Say how many lines below have "bmatrix" in them, giving the number alone.

(Stored data entries)

....................

lemma cfun_is_level: "cfun P \<delta> = ln (1 / (THE t. is_level P \<delta> t))"
  by (simp add: cfun_def is_level_def)

text \<open>Existence: if the points of probability >= r > 0 carry more than delta, then among the
  finitely many probability values >= r, the largest t with P{p >= t} > delta is a level.\<close>
lemma is_level_exists_above:
  fixes P :: "'a pmf" assumes r0: "r > 0" and "0 \<le> \<delta>" and r: "\<delta> < measure_pmf.prob P {z. pmf P z \<ge> r}"
  shows "\<exists>t. is_level P \<delta> t"
proof -
  define S where "S = {t \<in> pmf P ` set_pmf P. t \<ge> r \<and> \<delta> < measure_pmf.prob P {z. pmf P z \<ge> t}}"
  have finS: "finite S"
    by (rule finite_subset[of _ "pmf P ` {z. pmf P z \<ge> r}"]) (auto simp: S_def finite_pmf_ge[OF r0])
  have "S \<noteq> {}"
  proof -
    define A where "A = {z. pmf P z \<ge> r}"
    have finA: "finite A" using finite_pmf_ge[OF r0] by (simp add: A_def)
    have "A \<noteq> {}" using r \<open>0 \<le> \<delta>\<close> by (auto simp: A_def[symmetric])
    define t0 where "t0 = Min (pmf P ` A)"
    have t0A: "t0 \<in> pmf P ` A" unfolding t0_def using finA \<open>A \<noteq> {}\<close> by (intro Min_in) auto
    have "A \<subseteq> {z. pmf P z \<ge> t0}" unfolding t0_def using finA by auto
    then have "measure_pmf.prob P A \<le> measure_pmf.prob P {z. pmf P z \<ge> t0}"
      by (intro measure_pmf.finite_measure_mono) simp_all
    moreover have "t0 \<in> pmf P ` set_pmf P" using t0A r0 by (force simp: A_def set_pmf_iff)
    ultimately have "t0 \<in> S" using t0A r by (auto simp: S_def A_def)
    then show ?thesis by auto
  qed
  define t where "t = Max S"
  have tS: "t \<in> S" unfolding t_def using finS \<open>S \<noteq> {}\<close> by (rule Max_in)
  have "measure_pmf.prob P {z. pmf P z > t} \<le> \<delta>"
  proof (rule ccontr)
    assume c: "\<not> ?thesis"
    define G where "G = {z. pmf P z > t}"
    have tr: "t \<ge> r" using tS S_def by auto
    have finG: "finite G" using tr by (intro finite_subset[OF _ finite_pmf_ge[OF r0, of P]]) (auto simp: G_def)
    have "G \<noteq> {}" using c \<open>0 \<le> \<delta>\<close> G_def by auto
    text \<open>The smallest probability value above t would also belong to S.\<close>
    define t' where "t' = Min (pmf P ` G)"
    have t'G: "t' \<in> pmf P ` G" unfolding t'_def using finG \<open>G \<noteq> {}\<close> by (intro Min_in) auto
    then have t't: "t' > t" by (auto simp: G_def)
    have "{z. pmf P z \<ge> t'} = G" using t't finG by (auto simp: G_def t'_def)
    then have "t' \<in> S" using t'G t't tr c r0 unfolding S_def G_def by (auto simp: set_pmf_iff)
    then show False using t't finS unfolding t_def by (meson Max_ge not_le)
  qed
  then show ?thesis using tS by (auto simp: S_def is_level_def)
qed

lemma is_level_exists:
  fixes P :: "'a pmf" assumes "0 \<le> \<delta>" "\<delta> < 1"
  shows "\<exists>t. is_level P \<delta> t"
proof -
  obtain k where "\<delta> < measure_pmf.prob P {z. pmf P z \<ge> 1 / real (Suc k)}"
    using order_tendstoD(1)[OF prob_pmf_ge_tendsto_1 assms(2)] by (auto simp: eventually_sequentially)
  then show ?thesis using assms(1) by (intro is_level_exists_above) auto
qed

text \<open>Uniqueness: two distinct levels t1 < t2 would give P{p >= t2} <= P{p > t1}.\<close>
lemma is_level_unique:
  assumes "is_level P \<delta> t1" "is_level P \<delta> t2"
  shows "t1 = t2"
proof -
  have False if "a < b" "is_level P \<delta> a" "is_level P \<delta> b" for a b
  proof -
    have "measure_pmf.prob P {z. pmf P z \<ge> b} \<le> measure_pmf.prob P {z. pmf P z > a}"
      using \<open>a < b\<close> by (intro measure_pmf.finite_measure_mono) auto
    then show False using that by (auto simp: is_level_def)
  qed
  then show ?thesis using assms by (metis linorder_neqE)
qed

lemma cfun_level:
  fixes P :: "'a pmf" assumes "0 \<le> \<delta>" "\<delta> < 1"
  obtains t where "is_level P \<delta> t" "cfun P \<delta> = ln (1 / t)"
proof -
  have "\<exists>!t. is_level P \<delta> t" using is_level_exists[OF assms] is_level_unique by blast
  then have "is_level P \<delta> (THE t. is_level P \<delta> t)" by (rule theI')
  then show ?thesis using that by (simp add: cfun_is_level)
qed

lemma pmf_summable_on: "pmf P summable_on A"
proof -
  have "Infinite_Sum.abs_summable_on (pmf P) A"
    using abs_summable_equivalent pmf_abs_summable by blast
  then show ?thesis by simp
qed

lemma abs_diff_pmf_summable: "(\<lambda>a. \<bar>pmf P a - pmf Q a\<bar>) summable_on A"
proof (rule summable_on_comparison_test)
  show "(\<lambda>a. pmf P a + pmf Q a) summable_on A"
    by (intro summable_on_add pmf_summable_on)
qed (auto simp: abs_le_iff)

lemma sum_abs_diff_le_var_dist:
  assumes "finite B"
  shows "(\<Sum>y\<in>B. \<bar>pmf P y - pmf Q y\<bar>) \<le> var_dist P Q"
proof -
  have "(\<Sum>y\<in>B. \<bar>pmf P y - pmf Q y\<bar>) = infsum (\<lambda>y. \<bar>pmf P y - pmf Q y\<bar>) B"
    using assms by simp
  also have "\<dots> \<le> infsum (\<lambda>y. \<bar>pmf P y - pmf Q y\<bar>) UNIV"
    by (rule infsum_mono_neutral) (auto intro: abs_diff_pmf_summable)
  finally show ?thesis by (simp add: var_dist_def)
qed

lemma var_dist_nonneg: "var_dist P Q \<ge> 0"
  unfolding var_dist_def by (rule infsum_nonneg) simp

text \<open>A deterministic map can only merge mass: the image point carries at least as much.\<close>
lemma pmf_map_pmf_ge: "pmf X x \<le> pmf (map_pmf \<phi> X) (\<phi> x)"
proof -
  have "pmf X x = measure_pmf.prob X {x}" by (simp add: measure_pmf_single)
  also have "\<dots> \<le> measure_pmf.prob X (\<phi> -` {\<phi> x})"
    by (rule measure_pmf.finite_measure_mono) auto
  finally show ?thesis by (simp add: pmf_map)
qed

lemma mass_le_discrepancy:
  fixes Y Z :: "'b pmf"
  assumes "finite D" "0 < t" "t < s"
    and "\<And>y. y \<in> D \<Longrightarrow> s \<le> pmf Z y \<and> pmf Y y \<le> t"
  shows "(s - t) * (\<Sum>y\<in>D. pmf Z y) \<le> s * (\<Sum>y\<in>D. \<bar>pmf Y y - pmf Z y\<bar>)"
proof -
  have "(s - t) * pmf Z y \<le> s * \<bar>pmf Y y - pmf Z y\<bar>" if "y \<in> D" for y
  proof -
    have "s * t \<le> pmf Z y * t" "s * pmf Y y \<le> s * t"
      using assms(2,3) assms(4)[OF that] by (auto intro: mult_right_mono mult_left_mono)
    moreover have "s * (pmf Z y - pmf Y y) \<le> s * \<bar>pmf Y y - pmf Z y\<bar>"
      using assms(2,3) by (intro mult_left_mono) auto
    ultimately show ?thesis by (simp add: algebra_simps)
  qed
  then show ?thesis by (simp add: sum_distrib_left sum_mono)
qed

lemma level_gap_bound:
  fixes X :: "'a pmf" and Y :: "'b pmf" and \<phi> :: "'a \<Rightarrow> 'b"
  assumes "\<epsilon> > 0" and s: "is_level X (\<delta> + \<epsilon>) s" and t: "is_level Y \<delta> t"
  shows "\<epsilon> * (s - t) \<le> s * var_dist Y (map_pmf \<phi> X)"
proof -
  define Z where "Z = map_pmf \<phi> X"
  define d where "d = var_dist Y Z"
  define e where "e y = \<bar>pmf Y y - pmf Z y\<bar>" for y
  have s0: "s > 0" and t0: "t > 0" using s t by (auto intro: is_level_pos)
  define B where "B = \<phi> ` {x. pmf X x \<ge> s}"
  have finB: "finite B" unfolding B_def using finite_pmf_ge[OF s0, of X] by simp
  have Bs: "pmf Z y \<ge> s" if "y \<in> B" for y
    using that pmf_map_pmf_ge[of X _ \<phi>] unfolding B_def Z_def by (auto intro: order_trans)
  have "measure_pmf.prob X {x. pmf X x \<ge> s} \<le> measure_pmf.prob X (\<phi> -` B)"
    by (rule measure_pmf.finite_measure_mono) (auto simp: B_def)
  then have ZB: "(\<Sum>y\<in>B. pmf Z y) > \<delta> + \<epsilon>"
    using s finB by (simp add: Z_def is_level_def measure_measure_pmf_finite[symmetric])
  show ?thesis
  proof (cases "s \<le> t")
    case True
    then have "\<epsilon> * (s - t) \<le> 0" using assms(1) by (simp add: mult_nonneg_nonpos)
    also have "\<dots> \<le> s * var_dist Y (map_pmf \<phi> X)" 
      using s0 by (intro mult_nonneg_nonneg var_dist_nonneg) simp
    finally show ?thesis .
  next
    case False
    define C where "C = B \<inter> {y. pmf Y y > t}"
    define D where "D = B - C"
    have finCD: "finite C" "finite D" using finB by (auto simp: C_def D_def)
    have split: "sum f B = sum f C + sum f D" for f :: "'b \<Rightarrow> real"
      using finB by (metis C_def D_def Int_lower1 sum.subset_diff add.commute)
    text \<open>On C, Y carries at most delta, so Z exceeds delta by at most the discrepancy.\<close>
    have "(\<Sum>y\<in>C. pmf Y y) \<le> measure_pmf.prob Y {z. pmf Y z > t}"
      using finCD by (simp add: measure_measure_pmf_finite[symmetric] C_def
          measure_pmf.finite_measure_mono)
    then have YC: "(\<Sum>y\<in>C. pmf Y y) \<le> \<delta>" using t by (simp add: is_level_def)
    have "(\<Sum>y\<in>C. pmf Z y) \<le> (\<Sum>y\<in>C. pmf Y y + e y)"
      by (intro sum_mono) (auto simp: e_def)
    then have ZC: "(\<Sum>y\<in>C. pmf Z y) \<le> \<delta> + (\<Sum>y\<in>C. e y)"
      using YC by (simp add: sum.distrib)
    have ZD: "(s - t) * (\<Sum>y\<in>D. pmf Z y) \<le> s * (\<Sum>y\<in>D. e y)"
      unfolding e_def using finCD t0 False Bs by (intro mass_le_discrepancy) (auto simp: D_def C_def)
    have "(s - t) * (\<delta> + \<epsilon>) < (s - t) * (\<Sum>y\<in>C. pmf Z y) + (s - t) * (\<Sum>y\<in>D. pmf Z y)"
      using ZB False by (simp add: split flip: distrib_left)
    also have "\<dots> \<le> (s - t) * (\<delta> + (\<Sum>y\<in>C. e y)) + s * (\<Sum>y\<in>D. e y)"
      using ZC ZD False by (intro add_mono mult_left_mono) auto
    also have "\<dots> \<le> (s - t) * \<delta> + s * (\<Sum>y\<in>B. e y)"
      using t0 by (simp add: split algebra_simps e_def sum_nonneg)
    also have "\<dots> \<le> (s - t) * \<delta> + s * d"
      using sum_abs_diff_le_var_dist[OF finB] s0 by (simp add: d_def e_def)
    finally show ?thesis by (simp add: d_def Z_def algebra_simps)
  qed
qed

lemma cfun_gap_lower_bound:
  fixes X :: "'a pmf" and Y :: "'b pmf" and \<phi> :: "'a \<Rightarrow> 'b"
  defines "d \<equiv> var_dist Y (map_pmf \<phi> X)"
  assumes "0 < \<epsilon>" "d < \<epsilon>" "0 \<le> \<delta>" "\<delta> < 1 - \<epsilon>"
  shows "ln (1 - d / \<epsilon>) \<le> cfun X (\<delta> + \<epsilon>) - cfun Y \<delta>"
proof -
  obtain s where s: "is_level X (\<delta> + \<epsilon>) s" "cfun X (\<delta> + \<epsilon>) = ln (1 / s)"
    using cfun_level[of "\<delta> + \<epsilon>" X] assms by auto
  obtain t where t: "is_level Y \<delta> t" "cfun Y \<delta> = ln (1 / t)"
    using cfun_level[of \<delta> Y] assms by auto
  have s0: "s > 0" and t0: "t > 0" using s t by (auto intro: is_level_pos)
  have "\<epsilon> * (s - t) \<le> s * d" unfolding d_def by (rule level_gap_bound[OF \<open>0 < \<epsilon>\<close> s(1) t(1)])
  then have "1 - d / \<epsilon> \<le> t / s" using \<open>0 < \<epsilon>\<close> s0 by (simp add: field_simps)
  moreover have "0 < 1 - d / \<epsilon>" using assms by (simp add: field_simps)
  ultimately have "ln (1 - d / \<epsilon>) \<le> ln (t / s)" by simp
  also have "\<dots> = ln (1 / s) - ln (1 / t)" using s0 t0 by (simp add: ln_div)
  finally show ?thesis using s(2) t(2) by simp
qed

lemma liminf_nonneg_if_eventually_ge:
  fixes a :: "nat \<Rightarrow> ereal" and g :: "nat \<Rightarrow> real"
  assumes "g \<longlonglongrightarrow> 0" "eventually (\<lambda>n. ereal (g n) \<le> a n) sequentially"
  shows "0 \<le> liminf a"
proof -
  have "(\<lambda>n. ereal (g n)) \<longlonglongrightarrow> 0" using assms(1) by (simp add: zero_ereal_def tendsto_ereal)
  then have "0 = liminf (\<lambda>n. ereal (g n))" by (simp add: lim_imp_Liminf)
  also have "\<dots> \<le> liminf a" using assms(2) by (rule Liminf_mono)
  finally show ?thesis .
qed

theorem theorem2:
  fixes X :: "nat \<Rightarrow> 'a pmf" and Y :: "nat \<Rightarrow> 'b pmf"
  assumes "approximating_source X Y"
  shows "(INF \<epsilon>\<in>{0<..<1::real}. liminf (\<lambda>n.
            INF \<delta>\<in>{0..<1 - \<epsilon>}. ereal (cfun (X n) (\<delta> + \<epsilon>) - cfun (Y n) \<delta>))) \<ge> 0"
proof (rule INF_greatest)
  fix \<epsilon> :: real assume "\<epsilon> \<in> {0<..<1}"
  then have eps: "0 < \<epsilon>" by simp
  obtain \<phi> :: "nat \<Rightarrow> 'a \<Rightarrow> 'b" where "(\<lambda>n. var_dist (Y n) (map_pmf (\<phi> n) (X n))) \<longlonglongrightarrow> 0"
    using assms unfolding approximating_source_def by blast
  moreover define d where "d = (\<lambda>n. var_dist (Y n) (map_pmf (\<phi> n) (X n)))"
  ultimately have lim: "d \<longlonglongrightarrow> 0" by simp
  have "(\<lambda>n. ln (1 - d n / \<epsilon>)) \<longlonglongrightarrow> ln (1 - 0 / \<epsilon>)"
    using lim eps by (intro tendsto_intros) auto
  moreover have "eventually (\<lambda>n. ereal (ln (1 - d n / \<epsilon>))
      \<le> (INF \<delta>\<in>{0..<1 - \<epsilon>}. ereal (cfun (X n) (\<delta> + \<epsilon>) - cfun (Y n) \<delta>))) sequentially"
    using order_tendstoD(2)[OF lim eps]
    by eventually_elim (auto intro!: INF_greatest cfun_gap_lower_bound[OF eps] simp: d_def)
  ultimately show "0 \<le> liminf (\<lambda>n. INF \<delta>\<in>{0..<1 - \<epsilon>}. ereal (cfun (X n) (\<delta> + \<epsilon>) - cfun (Y n) \<delta>))"
    by (intro liminf_nonneg_if_eventually_ge) auto
qed
(* Let $n\ge2$, $\alpha_1>0$, $\alpha_2>\alpha_3>0$, $\omega=e^{2\pi j/n}$ ($j=\sqrt{-1}$). Then $(F_n^*\otimes I_2)^{-1}\hat A\,(F_n^*\otimes I_2)=\operatorname{diag}(D_1,\dots,D_n)$ with $$D_i=A_1+A_2\,\omega^{(n-1)(i-1)}=\begin{bmatrix}0&-1+\omega^{(n-1)(i-1)}\\ \alpha_1&-\alpha_2+\alpha_3\omega^{(n-1)(i-1)}\end{bmatrix},\quad i=1,\dots,n.$$ Consequently the eigenvalues of $\hat A$ are exactly the roots $\lambda$ of the equations $$\lambda^2+\big(\alpha_2-\alpha_3\omega^{(n-1)(i-1)}\big)\lambda+\alpha_1\big(1-\omega^{(n-1)(i-1)}\big)=0,\qquad i=1,\dots,n.$$ Moreover, if $\alpha_1-\alpha_2\alpha_3+\alpha_3^2\neq0$, then for $i\neq k$ the matrices $D_i$ and $D_k$ have no common eigenvalue.
   Context: $A_1=\begin{bmatrix}0&-1\\ \alpha_1&-\alpha_2\end{bmatrix}$, $A_2=\begin{bmatrix}0&1\\0&\alpha_3\end{bmatrix}$. $\hat A\in\mathbb R^{2n\times2n}$ is the block circulant $n\times n$ block matrix (blocks $2\times2$) with block $(1,1)=A_1$, block $(1,n)=A_2$, and for $i=2,\dots,n$ block $(i,i)=A_1$, block $(i,i-1)=A_2$; other blocks zero. $F_n$ is the unitary Fourier matrix defined by $F_n^*=\frac1{\sqrt n}\big[\omega^{(r-1)(c-1)}\big]_{r,c=1}^n$ with $\omega=e^{2\pi j/n}$, where $F_n^*$ is the conjugate transpose of $F_n$; $\otimes$ is the Kronecker product. *)

theory Defs
  imports "Jordan_Normal_Form.Char_Poly"
begin

(* Indices are 0-based throughout: block index i (0 \<le> i < n) corresponds to the
   paper's block index i+1. Matrices are complex (real data embedded via of_real). *)

definition A1 :: "real \<Rightarrow> real \<Rightarrow> complex mat" where
  "A1 a1 a2 = mat_of_rows_list 2 [[0, -1], [of_real a1, - of_real a2]]"

definition A2 :: "real \<Rightarrow> complex mat" where
  "A2 a3 = mat_of_rows_list 2 [[0, 1], [0, of_real a3]]"

definition Ahat_block :: "nat \<Rightarrow> real \<Rightarrow> real \<Rightarrow> real \<Rightarrow> nat \<Rightarrow> nat \<Rightarrow> complex mat" where
  "Ahat_block n a1 a2 a3 r c =
     (if r = c then A1 a1 a2
      else if (r = 0 \<and> c = n - 1) \<or> (r \<ge> 1 \<and> c = r - 1) then A2 a3
      else 0\<^sub>m 2 2)"

definition Ahat :: "nat \<Rightarrow> real \<Rightarrow> real \<Rightarrow> real \<Rightarrow> complex mat" where
  "Ahat n a1 a2 a3 = mat (2*n) (2*n)
     (\<lambda>(p,q). Ahat_block n a1 a2 a3 (p div 2) (q div 2) $$ (p mod 2, q mod 2))"
lemma entries_mod_finite_if_norm_compact:
  assumes A: "A \<in> Bop p" and M: "maps_to_norm_compact p A"
  shows "entries_mod_finite p A"
  unfolding entries_mod_finite_def
proof
  fix k
  define col where "col j = (\<lambda>i. A (scaled_delta p k j) i 0)" for j
  have digit: "entry p A i j k \<noteq> 0 \<longleftrightarrow> col j i \<noteq> 0" for i j
    using entry_digit_eq_0_iff[OF A] unfolding col_def by simp
  have "range (scaled_delta p k) \<subseteq> QN p" using scaled_delta_QN by blast
  then obtain K where K: "compactin (ntop p) K" "A ` range (scaled_delta p k) \<subseteq> K"
    using M nbounded_range_scaled_delta unfolding maps_to_norm_compact_def by blast
  have "range col \<subseteq> (\<lambda>\<zeta> i. \<zeta> i 0) ` K" using K(2) unfolding col_def by blast
  then have cols: "finite (range col)" using finite_residues_if_compactin_ntop[OF K(1)] finite_subset by blast
  have "finite {j. col j = w}" if "w \<noteq> (\<lambda>i. 0)" for w
  proof -
    obtain i where "w i \<noteq> 0" using \<open>w \<noteq> (\<lambda>i. 0)\<close> by blast
    then have "{j. col j = w} \<subseteq> {j. entry p A i j k \<noteq> 0}" using digit by auto
    then show ?thesis using row_support_finite[OF A] finite_subset by blast
  qed
  then have "finite (\<Union>w\<in>range col - {\<lambda>i. 0}. {j. col j = w})"
    using cols by (intro finite_UN_I) auto
  moreover have "{j. col j \<noteq> (\<lambda>i. 0)} \<subseteq> (\<Union>w\<in>range col - {\<lambda>i. 0}. {j. col j = w})" by blast
  ultimately have J: "finite {j. col j \<noteq> (\<lambda>i. 0)}" by (rule finite_subset[rotated])
  have "{(i, j). entry p A i j k \<noteq> 0} \<subseteq> (\<Union>j\<in>{j. col j \<noteq> (\<lambda>i. 0)}. (\<lambda>i. (i, j)) ` {i. entry p A i j k \<noteq> 0})"
  proof (clarify)
    fix i j assume "entry p A i j k \<noteq> 0"
    moreover from this have "col j \<noteq> (\<lambda>i. 0)" using digit by force
    ultimately show "(i, j) \<in> (\<Union>j\<in>{j. col j \<noteq> (\<lambda>i. 0)}. (\<lambda>i. (i, j)) ` {i. entry p A i j k \<noteq> 0})"
      by blast
  qed
  moreover have "finite (\<Union>j\<in>{j. col j \<noteq> (\<lambda>i. 0)}. (\<lambda>i. (i, j)) ` {i. entry p A i j k \<noteq> 0})"
    using J column_support_finite[OF A] by blast
  ultimately show "finite {(i, j). entry p A i j k \<noteq> 0}" by (rule finite_subset)
qed

end

section \<open>Operators with entries tending to zero are compact\<close>

text \<open>If \<open>\<parallel>\<xi>\<parallel> \<le> p\<^sup>d\<close>, then \<open>A \<xi> i\<close> lies in \<open>row_envelope p A d i\<close>.\<close>
definition row_envelope :: "nat \<Rightarrow> qpop \<Rightarrow> nat \<Rightarrow> nat \<Rightarrow> (nat \<Rightarrow> rat) set" where
  "row_envelope p A d i =
     {x \<in> Qp p. \<forall>d' k. (\<forall>j. val_ge p (entry p A i j) d' k) \<longrightarrow> val_ge p x (d' + d) k}"
lemma fls_polypart_subst: "fls_polypart (subst x) = fls_polypart x \<circ>\<^sub>p P"
proof -
  define f where "f = x - poly_to_fls (fls_polypart x)"
  have "subst x = poly_to_fls (fls_polypart x \<circ>\<^sub>p P) + subst f"
    by (simp add: f_def subst_diff subst_poly_to_fls)
  then show ?thesis
    unfolding f_def
    by (simp add: fls_polypart_poly_add_fractional subst_fractional fls_fractional_sub_polypart)
qed

lemma cf_rem_subst: "cf_rem (subst x) n = subst (cf_rem x n)"
  by (induction n) (simp_all add: fls_polypart_subst subst_inverse subst_diff subst_poly_to_fls)

lemma cf_pq_subst: "cf_pq (subst x) n = cf_pq x n \<circ>\<^sub>p P"
  by (simp add: cf_pq_def cf_rem_subst fls_polypart_subst)

lemma pcompose_P_eq_iff: "p \<circ>\<^sub>p P = q \<circ>\<^sub>p P \<longleftrightarrow> p = q"
  using pcompose_eq_0_iff[OF degree_P_pos, of "p - q"] by (auto simp: pcompose_diff)

lemma cf_pq_subst_eq_iff: "cf_pq (subst x) a = cf_pq (subst x) b \<longleftrightarrow> cf_pq x a = cf_pq x b"
  by (simp add: cf_pq_subst pcompose_P_eq_iff)

lemma cf_period_subst: "cf_period (subst x) = cf_period x"
  by (simp add: cf_period_def cf_pq_subst_eq_iff)

lemma cf_preperiod_subst: "cf_preperiod (subst x) = cf_preperiod x"
  by (simp add: cf_preperiod_def cf_pq_subst_eq_iff cf_period_subst)

lemma period_pq_subst: "period_pq (subst x) i = period_pq x i \<circ>\<^sub>p P"
  by (simp add: period_pq_def cf_preperiod_subst cf_pq_subst)

lemma escape_ratio_le_subst: "escape_ratio \<Theta> [:0, 1:] k n \<le> escape_ratio (subst \<Theta>) P k n"
proof -
  define \<Psi> where "\<Psi> = \<Theta> * poly_to_fls ([:0, 1:] ^ k)"
  have "subst \<Theta> * poly_to_fls (P ^ k) = subst \<Psi>"
    by (simp add: \<Psi>_def subst_mult subst_power subst_X_inv)
  then have "escape_ratio (subst \<Theta>) P k n =
      real (\<Sum>i=1..cf_period \<Psi>. max (degree (period_pq \<Psi> i) * degree P - n) 0)
      / real (\<Sum>i=1..cf_period \<Psi>. degree (period_pq \<Psi> i) * degree P)"
    by (simp add: escape_ratio_def Let_def cf_period_subst period_pq_subst)
  moreover have "escape_ratio \<Theta> [:0, 1:] k n =
      real (\<Sum>i=1..cf_period \<Psi>. max (degree (period_pq \<Psi> i) - n) 0)
      / real (\<Sum>i=1..cf_period \<Psi>. degree (period_pq \<Psi> i))"
    by (simp add: escape_ratio_def Let_def \<Psi>_def)
  ultimately show ?thesis
    using degree_P_pos by (simp only:) (rule excess_ratio_le_scaled, simp)
qed

lemma is_rational_fls_if_subst:
  assumes "is_rational_fls (subst x)"
  shows "is_rational_fls x"
proof -
  obtain n where "cf_rem (subst x) n = 0"
    using assms cf_rem_terminates_if_rational by blast
  then have "cf_rem x n = 0"
    by (simp add: cf_rem_subst subst_eq_0_iff)
  then show ?thesis
    by (rule is_rational_fls_if_cf_rem_eq_0)
qed

lemma quadratic_irrational_subst:
  assumes "quadratic_irrational x"
  shows "quadratic_irrational (subst x)"
proof -
  obtain a b c where "(a, b, c) \<noteq> (0, 0, 0)"
    and eq: "poly_to_fls a * x ^ 2 + poly_to_fls b * x + poly_to_fls c = 0"
    using assms unfolding quadratic_irrational_def by blast
  then have "(a \<circ>\<^sub>p P, b \<circ>\<^sub>p P, c \<circ>\<^sub>p P) \<noteq> (0, 0, 0)"
    using pcompose_eq_0_iff[OF degree_P_pos] by auto
  moreover have "poly_to_fls (a \<circ>\<^sub>p P) * subst x ^ 2 + poly_to_fls (b \<circ>\<^sub>p P) * subst x
      + poly_to_fls (c \<circ>\<^sub>p P) = 0"
    using arg_cong[OF eq, of subst]
    by (simp only: subst_add subst_mult subst_power subst_poly_to_fls subst_0)
  moreover have "\<not> is_rational_fls (subst x)"
    using assms is_rational_fls_if_subst unfolding quadratic_irrational_def by blast
  ultimately show ?thesis
    unfolding quadratic_irrational_def by blast
qed

end

theorem theorem1p19:
  fixes \<Theta> :: "'p::prime_card mod_ring fls"
    and c :: real
    and P :: "'p mod_ring poly"
  assumes "0 \<le> c" and "c \<le> 1"
    and "exhibits_escape_of_mass c \<Theta> [:0, 1:]"
    and "irreducible P"
  shows "exhibits_escape_of_mass c (fls_subst_poly \<Theta> P) P"
proof -
  have "P \<noteq> 0" and "\<not> is_unit P"
    using assms(4) by (auto simp: irreducible_def)
  then have "degree P > 0"
    by (simp add: is_unit_iff_degree)
  then interpret nonconstant_poly_subst P
    by unfold_locales
  show ?thesis
    using assms(3)
  proof (rule exhibits_escape_of_mass_if_escape_ratio_ge)
    show "quadratic_irrational (subst \<Theta>)"
      using assms(3) by (simp add: exhibits_escape_of_mass_def quadratic_irrational_subst)
  qed (rule escape_ratio_le_subst)
qed

end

....................

▶ [EXPECTED OUTPUT]: 2